I always say I’m not a baker, but I can make a mean muffin. Case in point, these peanut butter banana and chocolate chip beauties I whipped up yesterday.
If there’s time for me to make a homemade snack of some sort, it’s telling that I probably had a nice and relaxing Sunday. I would rather eat something like this over a store-bought bar 100 times over. And yes, sometimes the pre-packaged stuff is a total lifesaver but from a satisfaction perspective I think these rule. And, when I control what goes in, I always try to cram in as much healthy stuff as I can so they are more “fiber” and less “cake for breakfast”. But hey, if you want to eat cake for breakfast, you go!
These particular muffins were inspired by one of my favorite banana bread recipes via MyRecipes.com. It’s a peanut butter laden version that has crushed peanuts in the batter and a peanut butter glaze that gets drizzled on at the end (my dream recipe?). I love the way it calls for using Greek Yogurt, flax and nut butter which sets it apart from other banana bread recipes I’ve tried. If making for a special event like brunch with friends, you can add the glaze but the bread itself is great and can stand alone too.
As I mentioned above, when prepping something for snacks and/or breakfast throughout the week, I usually make some substitutions for a more nutrient-dense and filling end product. Basically I need something that’s going to hold me over for more than an hour at work. On a side note, I always have a ridiculous amount of overripe bananas in my freezer that need to be used, so recipes like this can somewhat help with that.

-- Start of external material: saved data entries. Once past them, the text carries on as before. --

(* Let $\alpha\in(0,1]$ and let $n$ be such that $n^\alpha=2^q$ for a positive integer $q$. Let $R\subset \mathrm{conv}(A_n)$ be an open axis-aligned rectangle of width $w(R)>1$, height $h(R)>1$ and area $w(R)h(R)\ge 4n^\alpha$. Then $B_n\cap R\neq\emptyset$.
   Context: Let $A_n=\{(i,j)\in\mathbb{Z}^2: 0\le i,j\le 14n\}$, so $\mathrm{conv}(A_n)=[0,14n]^2$. The sparse grid $B_n\subseteq A_n$ is the set of points of $A_n$ of at least one of the following forms: (1) $(i,j)$ with $n^\alpha \mid ij$; (2) $(i+k,j+k)$ with $n^\alpha\mid i$, $n^\alpha\mid j$, $k\in\{1,\dots,n^\alpha\}$ (forward diagonals); (3) $(i+k,j-k)$ with $n^\alpha\mid i$, $n^\alpha\mid j$, $k\in\{1,\dots,n^\alpha\}$ (backward diagonals). For an open rectangle $R=(x_1,x_2)\times(y_1,y_2)$, $w(R)=x_2-x_1$ and $h(R)=y_2-y_1$. *)

theory Defs
  imports "HOL-Analysis.Analysis"
begin

definition grid_A :: "nat \<Rightarrow> (int \<times> int) set" where
  "grid_A n = {(i, j). 0 \<le> i \<and> i \<le> 14 * int n \<and> 0 \<le> j \<and> j \<le> 14 * int n}"

text \<open>The sparse grid B_n, where the parameter m stands for the integer n^alpha.\<close>
definition sparse_grid :: "nat \<Rightarrow> nat \<Rightarrow> (int \<times> int) set" where
  "sparse_grid n m = {p \<in> grid_A n.
      (\<exists>i j. p = (i, j) \<and> int m dvd i * j)
    \<or> (\<exists>i j k. (i, j) \<in> grid_A n \<and> int m dvd i \<and> int m dvd j \<and> 1 \<le> k \<and> k \<le> int m
               \<and> p = (i + k, j + k))
    \<or> (\<exists>i j k. (i, j) \<in> grid_A n \<and> int m dvd i \<and> int m dvd j \<and> 1 \<le> k \<and> k \<le> int m
               \<and> p = (i + k, j - k))}"

definition open_rect :: "real \<Rightarrow> real \<Rightarrow> real \<Rightarrow> real \<Rightarrow> (real \<times> real) set" where
  "open_rect x1 x2 y1 y2 = {(x, y). x1 < x \<and> x < x2 \<and> y1 < y \<and> y < y2}"

end

theory Submission
  imports Defs
begin

text \<open>Choose dyadic scales \<open>2^a < w(R) \<le> 2^(a+1)\<close> and \<open>2^b < h(R) \<le> 2^(b+1)\<close>.
  Each side of \<open>R\<close> is longer than its scale, so it contains an integer multiple \<open>i\<close>
  of \<open>2^a\<close>, resp. \<open>j\<close> of \<open>2^b\<close>. The area bound \<open>2^(q+2) \<le> w(R) h(R) \<le> 2^(a+b+2)\<close>
  forces \<open>q \<le> a + b\<close>, so \<open>n^\<alpha> = 2^q\<close> divides \<open>i j\<close>: already the points of the
  first kind in \<open>B_n\<close> meet \<open>R\<close>.\<close>

lemma power_of_two_bracket:
  fixes w :: real
  assumes "1 < w"
  obtains a :: nat where "2 ^ a < w" "w \<le> 2 ^ Suc a"
proof
  define a where "a = nat (\<lceil>log 2 w\<rceil> - 1)"
  have "0 < log 2 w" using assms by simp
  then have "\<lceil>log 2 w\<rceil> = int a + 1" unfolding a_def by linarith
  then have "2 powr a < w" "w \<le> 2 powr (a + 1)"
    using assms ceiling_log_eq_powr_iff[of w 2 a] by simp_all
  moreover have "2 powr (a + 1) = 2 ^ Suc a"
    by (simp add: powr_add powr_realpow)
  ultimately show "2 ^ a < w" "w \<le> 2 ^ Suc a"
    by (simp_all add: powr_realpow)
qed

lemma multiple_in_open_interval:
  fixes d x1 x2 :: real
  assumes "0 < d" "d < x2 - x1"
  obtains k :: int where "x1 < k * d" "k * d < x2"
proof
  define k where "k = \<lfloor>x1 / d\<rfloor> + 1"
  have "x1 / d < k" "k \<le> x1 / d + 1" unfolding k_def by linarith+
  then have "x1 < k * d" "k * d \<le> x1 + d"
    using assms(1) by (simp_all add: field_simps)
  then show "x1 < k * d" "k * d < x2" using assms(2) by linarith+
qed

lemma open_interval_contains_dyadic_multiple:
  fixes x1 x2 :: real
  assumes "1 < x2 - x1"
  obtains a :: nat and i :: int
  where "x1 < i" "i < x2" "2 ^ a dvd i" "x2 - x1 \<le> 2 ^ Suc a"
proof -
  obtain a :: nat where a: "2 ^ a < x2 - x1" "x2 - x1 \<le> 2 ^ Suc a"
    using power_of_two_bracket assms by blast
  obtain k :: int where "x1 < k * 2 ^ a" "k * 2 ^ a < x2"
    using multiple_in_open_interval[where d = "2 ^ a"] a(1) by auto
  then show thesis
    using that[of "k * 2 ^ a" a] a(2) by simp
qed

lemma open_rect_contains_point_with_divisible_product:
  fixes x1 x2 y1 y2 :: real and q :: nat
  assumes "1 < x2 - x1" "1 < y2 - y1" "2 ^ (q + 2) \<le> (x2 - x1) * (y2 - y1)"
  obtains i j :: int
  where "(real_of_int i, real_of_int j) \<in> open_rect x1 x2 y1 y2" "2 ^ q dvd i * j"
proof -
  obtain a :: nat and i :: int
    where i: "x1 < i" "i < x2" "2 ^ a dvd i" and a: "x2 - x1 \<le> 2 ^ Suc a"
    using open_interval_contains_dyadic_multiple assms(1) by blast
  obtain b :: nat and j :: int
    where j: "y1 < j" "j < y2" "2 ^ b dvd j" and b: "y2 - y1 \<le> 2 ^ Suc b"
    using open_interval_contains_dyadic_multiple assms(2) by blast
  have "(2::real) ^ (q + 2) \<le> (x2 - x1) * (y2 - y1)" by fact
  also have "\<dots> \<le> 2 ^ Suc a * 2 ^ Suc b"
    using a b assms(1,2) by (intro mult_mono) auto
  also have "\<dots> = 2 ^ (a + b + 2)" by (simp add: power_add)
  finally have "q \<le> a + b" by (simp add: power_increasing_iff)
  then have "(2::int) ^ q dvd 2 ^ a * 2 ^ b"
    by (simp add: le_imp_power_dvd flip: power_add)
  also have "\<dots> dvd i * j" using i(3) j(3) by (rule mult_dvd_mono)
  finally show thesis
    using that i(1,2) j(1,2) unfolding open_rect_def by simp
qed

theorem lemma4:
  fixes \<alpha> :: real and n q :: nat and x1 x2 y1 y2 :: real
  assumes "0 < \<alpha>" and "\<alpha> \<le> 1"
    and "0 < q" and "real n powr \<alpha> = 2 ^ q"
    and "0 \<le> x1" and "x2 \<le> 14 * real n" and "0 \<le> y1" and "y2 \<le> 14 * real n"
    and "x2 - x1 > 1" and "y2 - y1 > 1"
    and "(x2 - x1) * (y2 - y1) \<ge> 4 * real n powr \<alpha>"
  shows "\<exists>(i, j) \<in> sparse_grid n (2 ^ q). (real_of_int i, real_of_int j) \<in> open_rect x1 x2 y1 y2"
proof -
  have "2 ^ (q + 2) \<le> (x2 - x1) * (y2 - y1)"
    using assms(4,11) by (simp add: power_add)
  then obtain i j :: int
    where R: "(real_of_int i, real_of_int j) \<in> open_rect x1 x2 y1 y2" and "2 ^ q dvd i * j"
    using open_rect_contains_point_with_divisible_product assms(9,10) by blast
  moreover have "(i, j) \<in> grid_A n"
  proof -
    have "0 < real_of_int i" "real_of_int i < 14 * real n"
      "0 < real_of_int j" "real_of_int j < 14 * real n"
      using R assms(5-8) unfolding open_rect_def by auto
    then show ?thesis unfolding grid_A_def by simp
  qed
  ultimately show ?thesis unfolding sparse_grid_def by auto
qed

end
theorem mainTheorem5:
  shows "(\<forall>g. is_genus g \<longrightarrow>
            A_op g \<in> E1 \<and> E_tau (A_op g) \<noteq> 0 \<and>
            S_transform (tau_distr (A_op g)) = genus_Q g)
       \<and> (\<forall>g h. is_genus g \<longrightarrow> is_genus h \<longrightarrow> g \<noteq> h \<longrightarrow>
            A_op g \<noteq> A_op h \<and> tau_distr (A_op g) \<noteq> tau_distr (A_op h))"
proof (intro conjI allI impI)
  fix g assume g: "is_genus g"
  show "A_op g \<in> E1" by (simp add: A_op_eq_one_plus_l_op one_plus_l_op_in_E1)
  show "E_tau (A_op g) \<noteq> 0"
    using inverse_genus_Q_nth_0[OF g] by (simp add: A_op_eq_one_plus_l_op E_tau_one_plus_l_op)
  show "S_transform (tau_distr (A_op g)) = genus_Q g" using g by (rule S_transform_A_op)
next
  fix g h assume g: "is_genus g" and h: "is_genus h" and "g \<noteq> h"
  then have "genus_Q g \<noteq> genus_Q h" using inj_on_genus_Q by (auto dest: inj_onD)
  then show "tau_distr (A_op g) \<noteq> tau_distr (A_op h)"
    by (metis S_transform_A_op[OF g] S_transform_A_op[OF h])
  then show "A_op g \<noteq> A_op h" by auto
qed

end
definition W22 :: "'a::euclidean_space set \<Rightarrow> ('a \<Rightarrow> real) \<Rightarrow> bool" where
  "W22 S f \<longleftrightarrow> L2_on S f \<and> (\<forall>b\<in>Basis. \<exists>g. W12 S g \<and> weak_deriv S f b g)"

definition W12_vec :: "'a::euclidean_space set \<Rightarrow> ('a \<Rightarrow> 'b::euclidean_space) \<Rightarrow> bool" where
  "W12_vec S F \<longleftrightarrow> (\<forall>c\<in>Basis. W12 S (\<lambda>x. F x \<bullet> c))"

definition B1 :: "(real^2) set" where "B1 = ball 0 1"

definition Ufield :: "(real \<Rightarrow> real) \<Rightarrow> real^2 \<Rightarrow> real^2" where
  "Ufield u x = ((u (norm x) - norm x) / (2 * norm x)) *\<^sub>R x"

definition Wfield :: "(real \<Rightarrow> real) \<Rightarrow> real^2 \<Rightarrow> real" where
  "Wfield w x = w (norm x)"

text \<open>Admissible set A_delta. The pointwise values w(0), w(1) refer to the continuous
  representative of w on [0,1] (W in W^{2,2}(B_1) embeds into C(closure B_1)).\<close>
definition admissible :: "real \<Rightarrow> (real \<Rightarrow> real) \<Rightarrow> (real \<Rightarrow> real) \<Rightarrow> bool" where
  "admissible \<delta> u w \<longleftrightarrow> W12_vec B1 (Ufield u) \<and> W22 B1 (Wfield w)
     \<and> continuous_on {0..1} w \<and> w 0 = 0 \<and> w 1 = 1 - \<delta>"

text \<open>The energy E_h(u,w), with u', w', w'' given as (one-dimensional weak) derivatives
  u1, w1, w2 on (0,1); value in [0,\<infinity>].\<close>
definition energy :: "real \<Rightarrow> (real \<Rightarrow> real) \<Rightarrow> (real \<Rightarrow> real) \<Rightarrow> (real \<Rightarrow> real)
    \<Rightarrow> (real \<Rightarrow> real) \<Rightarrow> (real \<Rightarrow> real) \<Rightarrow> ennreal" where
  "energy h u w u1 w1 w2 = (\<integral>\<^sup>+ r. ennreal ((u r)\<^sup>2 / r + r * (u1 r + (w1 r)\<^sup>2 - 1)\<^sup>2
        + h\<^sup>2 * (r * (w2 r)\<^sup>2 + (w1 r)\<^sup>2 / r)) \<partial>(lebesgue_on {0<..<1}))"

Since muffins are portable, don’t require slicing in the morning (how is it possible that so many crumbs come off of one loaf, btw) and also take less time to bake, I almost always opt for baking muffins over a loaf. Even better if you have the little paper cups to line the pan which cuts down on clean up time. I thought I had some, but actually only had four left so had to opt for the more “rustic” look with these.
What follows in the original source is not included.